### Work instructions
Wherever "have" occurs in the entries, copy the line that holds it.

(Data records)
········

theorem theorem4p1:
  fixes \<pi> :: "real^'d \<Rightarrow> real" and \<mu>0 :: "real \<Rightarrow> real" and \<sigma> :: real and k :: 'd
  assumes pi_pos: "\<forall>x. \<pi> x > 0"
    and pi_meas: "\<pi> \<in> borel_measurable borel"
    and pi_prob: "(\<integral>\<^sup>+ x. ennreal (\<pi> x) \<partial>lborel) = 1"
    and logpi_C1: "\<exists>D :: real^'d \<Rightarrow> ((real^'d) \<Rightarrow>\<^sub>L real).
         (\<forall>x. ((\<lambda>z. ln (\<pi> z)) has_derivative blinfun_apply (D x)) (at x)) \<and> continuous_on UNIV D"
    and mu0_nonneg: "\<forall>t. \<mu>0 t \<ge> 0"
    and mu0_meas: "\<mu>0 \<in> borel_measurable borel"
    and mu0_prob: "(\<integral>\<^sup>+ t. ennreal (\<mu>0 t) \<partial>lborel) = 1"
    and mu0_symm: "\<forall>t. \<mu>0 (- t) = \<mu>0 t"
    and mu_scale: "\<exists>l0>0. \<forall>x y :: real^'d. \<forall>l. 0 < l \<and> l < l0 \<longrightarrow>
         (\<Prod>i\<in>UNIV. \<mu>0 ((upd_coord (y - x) k (l * (y $ k - x $ k))) $ i))
           \<ge> (\<Prod>i\<in>UNIV. \<mu>0 ((y - x) $ i))"
    and marg_bdd: "bdd_above (range \<mu>0)"
    and sigma_pos: "\<sigma> > 0"
    and gap_pos: "spectral_gap \<pi> (mh_kernel \<pi> (barker_q \<sigma> \<mu>0 \<pi>)) > 0"
  shows "Liminf (at_right 0) (\<lambda>l. spectral_gap (rescale_density k l \<pi>)
             (mh_kernel (rescale_density k l \<pi>) (barker_q \<sigma> \<mu>0 (rescale_density k l \<pi>))) / ennreal l) > 0
       \<and> Limsup (at_right 0) (\<lambda>l. spectral_gap (rescale_density k l \<pi>)
             (mh_kernel (rescale_density k l \<pi>) (barker_q \<sigma> \<mu>0 (rescale_density k l \<pi>))) / ennreal l) < \<infinity>"
proof -
  obtain D where "barker_scaling \<pi> D \<mu>0 \<sigma>"
    using logpi_C1 assms by (auto simp: barker_scaling_def)
  then interpret barker_scaling \<pi> D \<mu>0 \<sigma> k .
  from mu_scale obtain l0 where "l0 > 0" and mu_upd: "\<forall>x y :: real^'d. \<forall>l. 0 < l \<and> l < l0 \<longrightarrow>
      (\<Prod>i\<in>UNIV. \<mu>0 ((upd_coord (y - x) k (l * (y $ k - x $ k))) $ i)) \<ge> (\<Prod>i\<in>UNIV. \<mu>0 ((y - x) $ i))"
    by blast
  have mu_le: "(\<Prod>i\<in>UNIV. \<mu>0 (w $ i)) \<le> (\<Prod>i\<in>UNIV. \<mu>0 (scale_coord k l w $ i))"
    if "0 < l" "l < l0" for l w
    using mu_upd[rule_format, of l w 0] that by (simp add: scale_coord_def)
  have "\<forall>\<^sub>F l in at_right 0. barker_gap \<pi> \<le> barker_gap (rescaled l) / ennreal l"
    using \<open>l0 > 0\<close> barker_gap_le_rescaled mu_le unfolding eventually_at_right_field by blast
  then have "barker_gap \<pi> \<le> Liminf (at_right 0) (\<lambda>l. barker_gap (rescaled l) / ennreal l)"
    by (rule Liminf_bounded)
  moreover obtain C where "C < \<infinity>" and "\<And>l. l > 0 \<Longrightarrow> barker_gap (rescaled l) / ennreal l \<le> C"
    using marg_bdd barker_gap_rescaled_bounded by (auto simp: bdd_above_def)
  then have "\<forall>\<^sub>F l in at_right 0. barker_gap (rescaled l) / ennreal l \<le> C"
    using eventually_at_right_less[of "0::real"] by (auto elim: eventually_mono)
  then have "Limsup (at_right 0) (\<lambda>l. barker_gap (rescaled l) / ennreal l) \<le> C"
    by (rule Limsup_bounded)
  ultimately show ?thesis
    using gap_pos \<open>C < \<infinity>\<close> by auto
qed

end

········

### Exercise solution
  have mu_le: "(\<Prod>i\<in>UNIV. \<mu>0 (w $ i)) \<le> (\<Prod>i\<in>UNIV. \<mu>0 (scale_coord k l w $ i))"
  have "\<forall>\<^sub>F l in at_right 0. barker_gap \<pi> \<le> barker_gap (rescaled l) / ennreal l"
  then have "barker_gap \<pi> \<le> Liminf (at_right 0) (\<lambda>l. barker_gap (rescaled l) / ennreal l)"
  then have "\<forall>\<^sub>F l in at_right 0. barker_gap (rescaled l) / ennreal l \<le> C"
  then have "Limsup (at_right 0) (\<lambda>l. barker_gap (rescaled l) / ennreal l) \<le> C"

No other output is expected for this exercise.